The Smell of Us is a 2014 French drama film directed by Larry Clark, focusing on the lives of several upper-class young people in Paris, skateboarding and having sex for pay. It was screened in the Venice Days section at the 71st Venice International Film Festival,[3][4][5] and screened in France in 2015.
Plot
Math, Marie, and JP are teenagers living in Paris. They used to hang out close to the Tokyo Palace, a modern art museum. They spend their time skating, smoking pot, drinking and filming each other the whole day. Developing extreme behaviours towards life, they do not hesitate to prostitute themselves just for fun and they keep taking drugs while having sex.

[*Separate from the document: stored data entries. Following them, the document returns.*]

section \<open>Symmetry of the mixed partial derivatives\<close>

lemma second_difference_mvt:
  fixes \<Phi> A B :: "real \<Rightarrow> real \<Rightarrow> real"
  assumes dA: "\<And>s t. ((\<lambda>s. \<Phi> s t) has_real_derivative A s t) (at s)"
    and dB: "\<And>s t. ((\<lambda>t. A s t) has_real_derivative B s t) (at t)"
    and h: "h > 0"
  obtains \<xi> \<eta> where "0 < \<xi>" "\<xi> < h" "0 < \<eta>" "\<eta> < h"
    "\<Phi> h h - \<Phi> h 0 - \<Phi> 0 h + \<Phi> 0 0 = h * h * B \<xi> \<eta>"
proof -
  have "\<And>s. ((\<lambda>s. \<Phi> s h - \<Phi> s 0) has_real_derivative A s h - A s 0) (at s)"
    by (intro derivative_intros dA)
  from MVT2[OF h this] obtain \<xi> where \<xi>: "0 < \<xi>" "\<xi> < h"
    "(\<Phi> h h - \<Phi> h 0) - (\<Phi> 0 h - \<Phi> 0 0) = (h - 0) * (A \<xi> h - A \<xi> 0)" by blast
  from MVT2[OF h dB[of \<xi>]] obtain \<eta> where \<eta>: "0 < \<eta>" "\<eta> < h"
    "A \<xi> h - A \<xi> 0 = (h - 0) * B \<xi> \<eta>" by blast
  show ?thesis by (rule that[OF \<xi>(1,2) \<eta>(1,2)]) (use \<xi>(3) \<eta>(3) in \<open>simp add: algebra_simps\<close>)
qed

lemma dist_add_Re_Im_less:
  assumes "0 < a" "a < h" "0 < b" "b < h"
  shows "dist (z + of_real a + \<i> * of_real b) z < 2 * h"
  using cmod_le[of "of_real a + \<i> * of_real b"] assms by (simp add: dist_norm add.assoc)

text \<open>By the mean value theorem applied twice, the second difference of \<open>u\<close> over a square of
  side \<open>h\<close> is \<open>h\<^sup>2\<close> times either mixed partial at some point of the square, depending on
  the order in which the two differences are taken.\<close>
lemma mixed_partials_meet_nearby:
  assumes du: "\<And>z. u differentiable (at z)"
    and dx: "\<And>z. partial_x u differentiable (at z)"
    and dy: "\<And>z. partial_y u differentiable (at z)"
    and h: "h > 0"
  obtains p1 p2 where "dist p1 z < 2 * h" "dist p2 z < 2 * h"
    "partial_y (partial_x u) p1 = partial_x (partial_y u) p2"
proof -
  define \<Phi> where "\<Phi> s t = u (z + of_real s + \<i> * of_real t)" for s t :: real
  obtain \<xi> \<eta> where 1: "0 < \<xi>" "\<xi> < h" "0 < \<eta>" "\<eta> < h"
    "\<Phi> h h - \<Phi> h 0 - \<Phi> 0 h + \<Phi> 0 0 = h * h * partial_y (partial_x u) (z + of_real \<xi> + \<i> * of_real \<eta>)"
  proof (rule second_difference_mvt[OF _ _ h])
    fix s t :: real
    show "((\<lambda>s. \<Phi> s t) has_real_derivative partial_x u (z + \<i> * of_real t + of_real s)) (at s)"
      using has_real_derivative_partial_x[OF du, of "z + \<i> * of_real t"]
      unfolding \<Phi>_def by (simp add: ac_simps)
    show "((\<lambda>t. partial_x u (z + \<i> * of_real t + of_real s)) has_real_derivative
        partial_y (partial_x u) (z + of_real s + \<i> * of_real t)) (at t)"
      using has_real_derivative_partial_y[OF dx, of "z + of_real s"] by (simp add: ac_simps)
  qed
  obtain \<xi>' \<eta>' where 2: "0 < \<xi>'" "\<xi>' < h" "0 < \<eta>'" "\<eta>' < h"
    "\<Phi> h h - \<Phi> 0 h - \<Phi> h 0 + \<Phi> 0 0 = h * h * partial_x (partial_y u) (z + of_real \<eta>' + \<i> * of_real \<xi>')"
  proof (rule second_difference_mvt[OF _ _ h, where \<Phi> = "\<lambda>s t. \<Phi> t s"])
    fix s t :: real
    show "((\<lambda>s. \<Phi> t s) has_real_derivative partial_y u (z + of_real t + \<i> * of_real s)) (at s)"
      using has_real_derivative_partial_y[OF du, of "z + of_real t"] unfolding \<Phi>_def .
    show "((\<lambda>t. partial_y u (z + of_real t + \<i> * of_real s)) has_real_derivative
        partial_x (partial_y u) (z + of_real t + \<i> * of_real s)) (at t)"
      using has_real_derivative_partial_x[OF dy, of "z + \<i> * of_real s"] by (simp add: ac_simps)
  qed
  have "h * h * partial_y (partial_x u) (z + of_real \<xi> + \<i> * of_real \<eta>) =
        h * h * partial_x (partial_y u) (z + of_real \<eta>' + \<i> * of_real \<xi>')"
    using 1(5) 2(5) by linarith
  then show ?thesis
    using h by (intro that[OF dist_add_Re_Im_less[OF 1(1-4)] dist_add_Re_Im_less[OF 2(3,4,1,2)]]) simp
qed
lemma primitive_rootI:
  fixes w :: "'k::field"
  assumes "w ^ n = 1" "n > 0" "\<And>r. prime r \<Longrightarrow> r dvd n \<Longrightarrow> w ^ (n div r) \<noteq> 1"
  shows "primitive_root n w"
  unfolding primitive_root_def
proof (intro conjI allI impI notI)
  fix m assume m: "0 < m \<and> m < n" and "w ^ m = 1"
  define g where "g = gcd m n"
  have "w ^ g = 1" using power_gcd_eq_one[of w m n] assms(1) \<open>w ^ m = 1\<close> by (simp add: g_def)
  obtain j where j: "n = g * j" unfolding g_def by (metis gcd_dvd2 dvd_def)
  have "g \<le> m" using m by (simp add: g_def)
  then have "j \<noteq> 1" using j m by auto
  then obtain r where r: "prime r" "r dvd j" using prime_factor_nat by blast
  then obtain i where "j = r * i" by blast
  then have "n div r = g * i" "r dvd n" using j r(1) by (simp_all add: prime_gt_0_nat)
  then have "w ^ (n div r) = 1" by (simp add: power_mult \<open>w ^ g = 1\<close>)
  then show False using assms(3) r(1) \<open>r dvd n\<close> by blast
qed fact

lemma primitive_root_power_inj:
  fixes z :: "'k::field"
  assumes "primitive_root n z" "i < n" "j < n" "z ^ i = z ^ j"
  shows "i = j"
proof -
  have "z \<noteq> 0" using assms(1,2) by (auto simp: primitive_root_def power_0_left)
  have "z ^ i \<noteq> z ^ j" if "i < j" "j < n" for i j
  proof
    assume "z ^ i = z ^ j"
    moreover have "z ^ (j - i) * z ^ i = z ^ j"
      using \<open>i < j\<close> by (simp add: power_add[symmetric])
    ultimately have "z ^ (j - i) * z ^ i = 1 * z ^ i" by simp
    then have "z ^ (j - i) = 1" using \<open>z \<noteq> 0\<close> by simp
    then show False using assms(1) that by (simp add: primitive_root_def)
  qed
  then show ?thesis using assms(2-4) by (metis linorder_neqE_nat)
qed
(* Let $K\ge 1$, $a\in\mathbb{R}$, and $\sigma=\tanh$ applied element-wise. For parameters $\bm c,\bm w,\bm b,\bm c_p\in\mathbb{R}^K$ define, for $x\in[0,2\pi]$, $$\hat u(x)=\bm c^\top\sigma(\bm w x+\bm b)=\sum_{k=1}^K c_k\tanh(w_kx+b_k),\qquad \hat p(x)=\bm c_p^\top\sigma(\bm w x+\bm b)=\sum_{k=1}^K c_{p,k}\tanh(w_kx+b_k),$$ and the loss functionals $$\mathcal L_{\mathcal F}(\bm c,\bm w,\bm b)=\frac1{2\pi}\int_0^{2\pi}\Big(\hat u''(x)+a^2\sin(ax)\Big)^2\,dx,$$ $$\tilde{\mathcal L}_{\mathcal F}(\bm c,\bm w,\bm b,\bm c_p)=\frac1{2\pi}\int_0^{2\pi}\Big[\big(\hat p'(x)+a^2\sin(ax)\big)^2+\big(\hat p(x)-\hat u'(x)\big)^2\Big]\,dx .$$ Set $S=\sum_{l=1}^K|c_l|w_l^2+a^2$ and $T=\|\bm c_p\|_1+\sum_{l=1}^K\max(|c_l|,|c_{p,l}|)\,|w_l|+a^2$. Then there is an absolute constant $C>0$ (independent of $K$, $a$ and all parameters) such that for all parameter values and every $k=1,\dots,K$: $$\Big|\frac{\partial\mathcal L_{\mathcal F}}{\partial c_k}\Big|\le C\,S\,w_k^2,\quad \Big|\frac{\partial\mathcal L_{\mathcal F}}{\partial w_k}\Big|\le C\,S\,|c_k|\,|w_k|\,(|w_k|+1),\quad \Big|\frac{\partial\mathcal L_{\mathcal F}}{\partial b_k}\Big|\le C\,S\,|c_k|\,w_k^2,$$ and $$\Big|\frac{\partial\tilde{\mathcal L}_{\mathcal F}}{\partial c_k}\Big|\le C\,T\,|w_k|,\quad \Big|\frac{\partial\tilde{\mathcal L}_{\mathcal F}}{\partial w_k}\Big|\le C\,T\,\max(|c_k|,|c_{p,k}|)\max(|w_k|,1),$$ $$\Big|\frac{\partial\tilde{\mathcal L}_{\mathcal F}}{\partial b_k}\Big|\le C\,T\,\max(|c_k|,|c_{p,k}|)\max(|w_k|,1),\quad \Big|\frac{\partial\tilde{\mathcal L}_{\mathcal F}}{\partial c_{p,k}}\Big|\le C\,T\,\max(|w_k|,1).$$
   Context: $\hat u'$, $\hat u''$, $\hat p'$ denote derivatives with respect to $x$. $\mathcal L_{\mathcal F}$ is the (continuous) PDE residual loss for the 1D Poisson equation $u''=-a^2\sin(ax)$ on $(0,2\pi)$, and $\tilde{\mathcal L}_{\mathcal F}$ is the PDE residual loss for the reformulated system $p'=-a^2\sin(ax)$, $p=u'$ (the "extra field" $p$). $\|\cdot\|_1$ is the $\ell^1$ norm on $\mathbb{R}^K$. *)

theory Defs
  imports "HOL-Analysis.Analysis"
begin

text \<open>Parameter vectors in R^K are functions nat => real; only indices 0..K-1 are used.\<close>

definition u_hat :: "nat \<Rightarrow> (nat \<Rightarrow> real) \<Rightarrow> (nat \<Rightarrow> real) \<Rightarrow> (nat \<Rightarrow> real) \<Rightarrow> real \<Rightarrow> real" where
  "u_hat K c w b x = (\<Sum>k<K. c k * tanh (w k * x + b k))"

definition LF :: "real \<Rightarrow> nat \<Rightarrow> (nat \<Rightarrow> real) \<Rightarrow> (nat \<Rightarrow> real) \<Rightarrow> (nat \<Rightarrow> real) \<Rightarrow> real" where
  "LF a K c w b = (1 / (2 * pi)) *
     integral {0..2*pi} (\<lambda>x. (deriv (deriv (u_hat K c w b)) x + a\<^sup>2 * sin (a * x))\<^sup>2)"

definition LF_tilde :: "real \<Rightarrow> nat \<Rightarrow> (nat \<Rightarrow> real) \<Rightarrow> (nat \<Rightarrow> real) \<Rightarrow> (nat \<Rightarrow> real) \<Rightarrow> (nat \<Rightarrow> real) \<Rightarrow> real" where
  "LF_tilde a K c w b cp = (1 / (2 * pi)) *
     integral {0..2*pi} (\<lambda>x. (deriv (u_hat K cp w b) x + a\<^sup>2 * sin (a * x))\<^sup>2
                              + (u_hat K cp w b x - deriv (u_hat K c w b) x)\<^sup>2)"

end

theory Submission
  imports Defs "HOL-Computational_Algebra.Polynomial"
begin

text \<open>Both losses are averages over \<open>[0, 2\<pi>]\<close> of squared residuals, and a parameter of the
  \<open>k\<close>-th neuron enters a residual only through that neuron. Differentiating under the integral
  sign, each partial derivative is therefore the average of \<open>2 * residual * \<partial>(neuron k)\<close>.
  Because \<open>|tanh\<^sup>(\<^sup>j\<^sup>)| \<le> 2\<^sup>j\<close> for \<open>j \<le> 3\<close>, the residuals are bounded by multiples of \<open>S\<close> resp.
  \<open>T\<close>, and the parameter derivatives of the neuron by the stated per-neuron factors
  (using \<open>|x| \<le> 2\<pi> < 8\<close>).\<close>

section \<open>Derivatives of tanh\<close>

text \<open>Since \<open>tanh' = 1 - tanh\<^sup>2\<close>, the \<open>j\<close>-th derivative of \<open>tanh\<close> is \<open>P\<^sub>j (tanh z)\<close> with
  \<open>P\<^sub>0 = X\<close> and \<open>P\<^sub>j\<^sub>+\<^sub>1 = P\<^sub>j' * (1 - X\<^sup>2)\<close>.\<close>

fun tanh_poly :: "nat \<Rightarrow> real poly" where
  "tanh_poly 0 = [:0, 1:]"
| "tanh_poly (Suc j) = pderiv (tanh_poly j) * [:1, 0, -1:]"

The Smell of Us was not widely reviewed, and was mostly received unfavorably, as a voyeuristic, inferior French rehash of Kids, with little story.[6][7][4] In a 1-star review, The Guardian's Peter Bradshaw wrote, "This film is joyless, passionless, humourless, incurious about real people's real lives. There is no energy or verve, just the compulsive persistence of the porn addict."[8] Jessica Kiang of IndieWire described it as "a film so horrible it manages to significantly outdo the repulsiveness of its title."[9] Boyd Van Hoeij of The Hollywood Reporter characterized it as an "impressionistic and downright depressing tale of adolescent sexuality."[10] Dillard Clayton of Slant called it "yet another entry in the filmmaker’s growingly tiresome oeuvre".[7] Mark Adams of Screen acknowledged that its "characters are largely bland and one-dimensional", but more positively described the film as "provocative and challenging" and "littered with stylish and beautiful moments"[11]
Bibliography
Stéphane Delorme, "Mort à Paris" in : Les Cahiers du Cinéma, Janvier 2015 n°707[12]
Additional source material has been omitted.